С этими словами Оме выскочил из-за прилавка, чтобы поставить кресло на место, но тут Бине спросил у него пол-унции сахарной кислоты.
- Сахарной кислоты? - презрительно переспросил аптекарь. - Я такой не знаю, понятия не имею! Может быть, вы хотите щавелевой кислоты? Щавелевой, да?
Бине пояснил, что ему нужно едкое вещество, чтобы свести ржавчину с охотничьего снаряжения. Эмма вздрогнула.
- Да, в самом деле, погода вам не благоприятствует, - поспешил поддержать разговор фармацевт, - уж очень сыро.
- А вот некоторые сырости не боятся, - с лукавым видом заметил инспектор.
Эмме стало нечем дышать.
- Дайте мне еще...
"Он никогда отсюда не уйдет!" - подумала она.
- ...пол-унции канифоли и скипидару, четыре унции желтого воску и еще, пожалуйста, полторы унции жженой кости - я этим чищу лаковые ремни.

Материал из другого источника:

definition symmetric_x :: "ser \<Rightarrow> bool" where
  "symmetric_x f \<longleftrightarrow> (\<forall>\<pi>. \<pi> permutes {1..} \<longrightarrow>
      subst (\<lambda>w. case w of X i \<Rightarrow> ser_var (X (\<pi> i)) | _ \<Rightarrow> ser_var w) f = f)"

text \<open>G Gamma: symmetric series with f(t, tbar, x_3, ...) = f(0, 0, x_3, ...);
  the auxiliary variable t is X 0.\<close>
definition GGamma :: "ser set" where
  "GGamma = {f. f \<in> Ser_x \<and> symmetric_x f \<and>
     subst (\<lambda>w. if w = X 1 then ser_var (X 0) else if w = X 2 then ubar (X 0) else ser_var w) f
   = subst (\<lambda>w. if w = X 1 \<or> w = X 2 then ser_zero else ser_var w) f}"

definition R_a :: "ser set" where
  "R_a = {f. \<exists>M. graded f \<and> only_vars {A i | i. 1 \<le> i \<and> i \<le> M} f}"

definition R_b :: "ser set" where
  "R_b = {f. \<exists>M. graded f \<and> only_vars {B i | i. 1 \<le> i \<and> i \<le> M} f}"

text \<open>K_infinity, realised inside the ring of power series in x, a, b as the set of
  finite sums of products f * g * h with f in G Gamma, g in R_a, h in R_b.\<close>
definition K_inf :: "ser set" where
  "K_inf = {F. \<exists>(n::nat) f g h. (\<forall>k<n. f k \<in> GGamma \<and> g k \<in> R_a \<and> h k \<in> R_b) \<and>
               F = (\<lambda>mm. \<Sum>k<n. ser_mul (ser_mul (f k) (g k)) (h k) mm)}"

definition W_inf :: "(int \<Rightarrow> int) set" where
  "W_inf = {v. bij_betw v (- {0}) (- {0}) \<and> finite {i. v i \<noteq> i} \<and> (\<forall>i. v (- i) = - v i)}"

text \<open>b_j for j a nonzero integer, with b_{-j} = bbar_j\<close>
definition bvar :: "int \<Rightarrow> ser" where
  "bvar j = (if j > 0 then ser_var (B (nat j)) else ubar (B (nat (- j))))"

text \<open>bbar_j for j a nonzero integer, with bbar_{-j} = b_j\<close>
definition bbar :: "int \<Rightarrow> ser" where
  "bbar j = (if j > 0 then ubar (B (nat j)) else ser_var (B (nat (- j))))"

definition Phi_assign :: "(int \<Rightarrow> int) \<Rightarrow> var \<Rightarrow> ser" where
  "Phi_assign v w = (case w of
      X i \<Rightarrow> (if v (int i) < 0 then bvar (v (int i)) else ser_zero)
    | A i \<Rightarrow> bbar (v (int i))
    | B j \<Rightarrow> ser_var (B j))"

definition Phi :: "(int \<Rightarrow> int) \<Rightarrow> ser \<Rightarrow> ser" where
  "Phi v f = subst (Phi_assign v) f"

end

theory Submission
  imports Defs
begin

text \<open>
  Suppose \<open>F \<noteq> G\<close> in \<open>K\<^sub>\<infinity>\<close> and let \<open>m\<close> be a monomial of least degree at which their
  coefficients differ. Only \<open>a\<^sub>i, b\<^sub>j\<close> with \<open>i, j \<le> N\<close> occur in \<open>F\<close> and \<open>G\<close>, and both are
  symmetric in the \<open>x\<^sub>i\<close>, so we may rename the \<open>x\<close>-indices of \<open>m\<close> into a block \<open>(T, 2T]\<close>
  with \<open>T > N\<close>. The signed permutation \<open>v\<close> that negates \<open>(T, 2T]\<close> and exchanges
  \<open>[1, N]\<close> with \<open>(2T, 2T + N]\<close> kills every other \<open>x\<^sub>i\<close> and sends each remaining
  variable to a series whose lowest term is \<open>\<plusminus>b\<^sub>j\<close>, with distinct \<open>j\<close> for distinct variables.
  Hence only divisors of \<open>m\<close> contribute to the coefficient of the image of \<open>m\<close> in
  \<open>\<Phi>\<^sub>v(F) - \<Phi>\<^sub>v(G)\<close>, and by minimality that coefficient is \<open>\<plusminus>(F\<^sub>m - G\<^sub>m) \<noteq> 0\<close>.
\<close>

section \<open>Monomials\<close>

definition mon_divisors :: "mon \<Rightarrow> mon set" where
  "mon_divisors n = {p. \<exists>q. n = p + q}"

lemma mon_divisors_iff_lookup_le:
  "p \<in> mon_divisors n \<longleftrightarrow> (\<forall>v. Poly_Mapping.lookup p v \<le> Poly_Mapping.lookup n v)"
proof
  assume "\<forall>v. Poly_Mapping.lookup p v \<le> Poly_Mapping.lookup n v"
  then have "n = p + (n - p)"
    by (intro poly_mapping_eqI) (simp add: lookup_add lookup_minus)
  then show "p \<in> mon_divisors n"
    unfolding mon_divisors_def by blast
qed (auto simp: mon_divisors_def lookup_add)

lemma mdeg_eq_sum:
  assumes "finite K" "Poly_Mapping.keys m \<subseteq> K"
  shows "mdeg m = (\<Sum>v\<in>K. Poly_Mapping.lookup m v)"
  unfolding mdeg_def using assms
  by (intro sum.mono_neutral_left) (auto simp: in_keys_iff)

lemma mdeg_add: "mdeg (a + b) = mdeg a + mdeg b"
proof -
  let ?K = "Poly_Mapping.keys a \<union> Poly_Mapping.keys b"
  have "mdeg (a + b) = (\<Sum>v\<in>?K. Poly_Mapping.lookup (a + b) v)"
    using keys_add[of a b] by (intro mdeg_eq_sum) auto
  also have "\<dots> = mdeg a + mdeg b"
    by (simp add: lookup_add sum.distrib mdeg_eq_sum[of ?K a] mdeg_eq_sum[of ?K b])
  finally show ?thesis .
qed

Аптекарь начал резать воск. В это время вошла г-жа Оме с Ирмой на руках, рядом с ней шел Наполеон, а сзади - Аталия. Г-жа Оме села на обитую бархатом скамейку у окна, мальчуган вскарабкался на табурет, а его старшая сестра подбежала к папочке и стала вертеться вокруг коробочки с ююбой. Аптекарь наливал жидкости через воронки, закупоривал склянки, наклеивал этикетки, завязывал свертки. Все кругом него молчали. Время от времени слышалось только звяканье разновесок да шепот фармацевта, который наставлял своего ученика.
- Ну как ваша малышка? - вдруг спросила г-жа Оме.
- Тише! - прикрикнул на нее г-н Оме, занося в черновую тетрадь какие-то цифры.
- Почему вы ее не взяли с собой? - снова, но уже вполголоса обратилась к Эмме с вопросом г-жа Оме.
- Тс! Тсс! - показывая пальцем на аптекаря, прошептала Эмма.
Но Бине углубился в чтение счета и, по-видимому, ничего не слышал. Наконец он ушел. Почувствовав облегчение, Эмма испустила глубокий вздох.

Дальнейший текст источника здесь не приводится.